When a subclass of the information filtering system can predict the preferences or ratings that a user would give to an item or like, it is called a recommendation engine system. They are mostly used in the case of commercial applications.

They are used in a wide variety of areas, but most commonly recognized as playlist creators in various music services like YouTube, Spotify and even as Video or movie preferences in Netflix, Amazon Prime, etc. they are also used for product recommendations in online sites like Amazon and Flipkart and also contains recommendations in Instagram, Facebook, Twitter. 

These systems operate either using a single input, like music, or multiple inputs within and across platforms like news, books, and search queries. Online dating and restaurant sites have specific popular recommendation engines. To further explore research articles and experts, collaborators and financial services recommendation engines have also been developed.   

The recommendation engines mainly make use of both collaborative filtering as well as content-based filtering (personality-based approach), also other systems such as knowledge-based systems. 

The Collaborative filtering approach builds a model from a user’s past behavior, for example, like, items previously purchased or selected as well as similar decisions made by other users. This model is then made use to predict items that the user may show interest in. whereas, the Content-based filtering approach utilizes a series of discrete, pre-tagged characteristics of an item in order to recommend additional items with similar characteristics. However, the current recommendation engines typically combine one or more approaches into a hybrid system.

In 1990, at Columbia University, the Recommendation engines/systems were first mentioned by Jussi Karlgren as a “digital bookshelf”. From then it was implemented at scale and worked through in technical reports and publications. 

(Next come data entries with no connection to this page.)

theorem lemma1:
  fixes ws :: "complex list" and m n s :: nat and \<phi> \<rho>X :: "int \<Rightarrow> complex"
  assumes "s = length ws"
    and "int m \<ge> int s - 1"
    and "n = 9 * m"
    and "\<phi> \<in> Cp m"
    and "reproducing \<phi> ws"
    and "norm2sq \<phi> \<le> 2 * real s / (2 * real m + 1)"
    and "optimal_solution m n \<phi> \<rho>X"
  shows "max (DFT_norm1 n (varphiX \<phi> \<rho>X)) (18 * real s * DFT_norminf n (varphiX \<phi> \<rho>X))
           \<le> 36 * real s / sqrt (2 * real n + 1) * (Emn m n \<phi> + 1)"
proof -
  define E where "E = Emn m n \<phi>"
  define c where "c = (1 + 2 * E) / sqrt (2 * real n + 1)"
  define \<Phi> where "\<Phi> k = (cmod (ztrans \<phi> (root_unity (2 * n + 1) k)))\<^sup>2" for k
  have feas: "feasible m n \<phi> \<rho>X" and "supT \<rho>X = E"
    using assms(7) by (simp_all add: optimal_solution_def E_def)
  then have "0 \<le> c"
    using supT_nonneg[of \<rho>X "5 * m"] by (simp add: c_def feasible_def)
  have coeff: "cmod (DFT n (varphiX \<phi> \<rho>X) k) \<le> c * min 1 (\<Phi> k)" if "k \<le> 2 * n" for k
    using norm_DFT_varphiX_le[OF assms(4) feas _ that] assms(3) \<open>supT \<rho>X = E\<close>
    by (simp add: \<Phi>_def c_def)
  have "(\<Sum>k = 0..2 * n. \<Phi> k) = (2 * real n + 1) * norm2sq \<phi>"
    using sum_norm_ztrans_root_unity_squared[OF assms(4), of "2 * n + 1"] assms(3)
    by (simp add: \<Phi>_def atLeast0AtMost lessThan_Suc_atMost[symmetric])
  also have "\<dots> \<le> 9 * (2 * real m + 1) * (2 * real s / (2 * real m + 1))"
    using assms(3,6) norm2sq_nonneg by (intro mult_mono) auto
  also have "\<dots> = 18 * real s"
    by (simp add: field_simps)
  finally have "DFT_norm1 n (varphiX \<phi> \<rho>X) \<le> c * (18 * real s)"
    using DFT_norms_le(1)[OF coeff \<open>0 \<le> c\<close>] mult_left_mono[OF _ \<open>0 \<le> c\<close>] order_trans by blast
  moreover have "18 * real s * DFT_norminf n (varphiX \<phi> \<rho>X) \<le> c * (18 * real s)"
    using mult_left_mono[OF DFT_norms_le(2)[OF coeff \<open>0 \<le> c\<close>], of "18 * real s"] by (simp add: mult.commute)
  moreover have "c * (18 * real s) \<le> 36 * real s / sqrt (2 * real n + 1) * (E + 1)"
    by (simp add: c_def field_simps)
  ultimately show ?thesis
    by (simp add: E_def)
qed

A distinction is mainly made between explicit and implicit forms of data collection while building a model from a user’s behavior,

Examples of explicit data collection include the following:

  • Asking a user to rate an item on a sliding scale.
  • Asking a user to search.
  • Asking a user to rank a collection of items from favorite to least favorite.
  • Presenting two items to a user and asking him/her to choose the better one of them.
  • Asking a user to create a list of items that he/she likes 

Examples of implicit data collection include the following: Observing the items that a user views in an online store, Analyzing item/user viewing times, Keeping a record of the items that a user purchases online, Obtaining a list of items that a user has listened to or watched on his/her computer or Analyzing the user’s social network and discovering similar likes and dislikes.

Whereas, content-based filtering mainly makes use of the data like a model of the user’s preference and the user’s search history. 

In this article, we have mainly discussed the main two types of Recommendation engines. There are also other varieties like Multi-criteria recommendation engines, Risk-aware recommendation engines, Hybrid recommendation engines, Mobile recommendation engines, etc.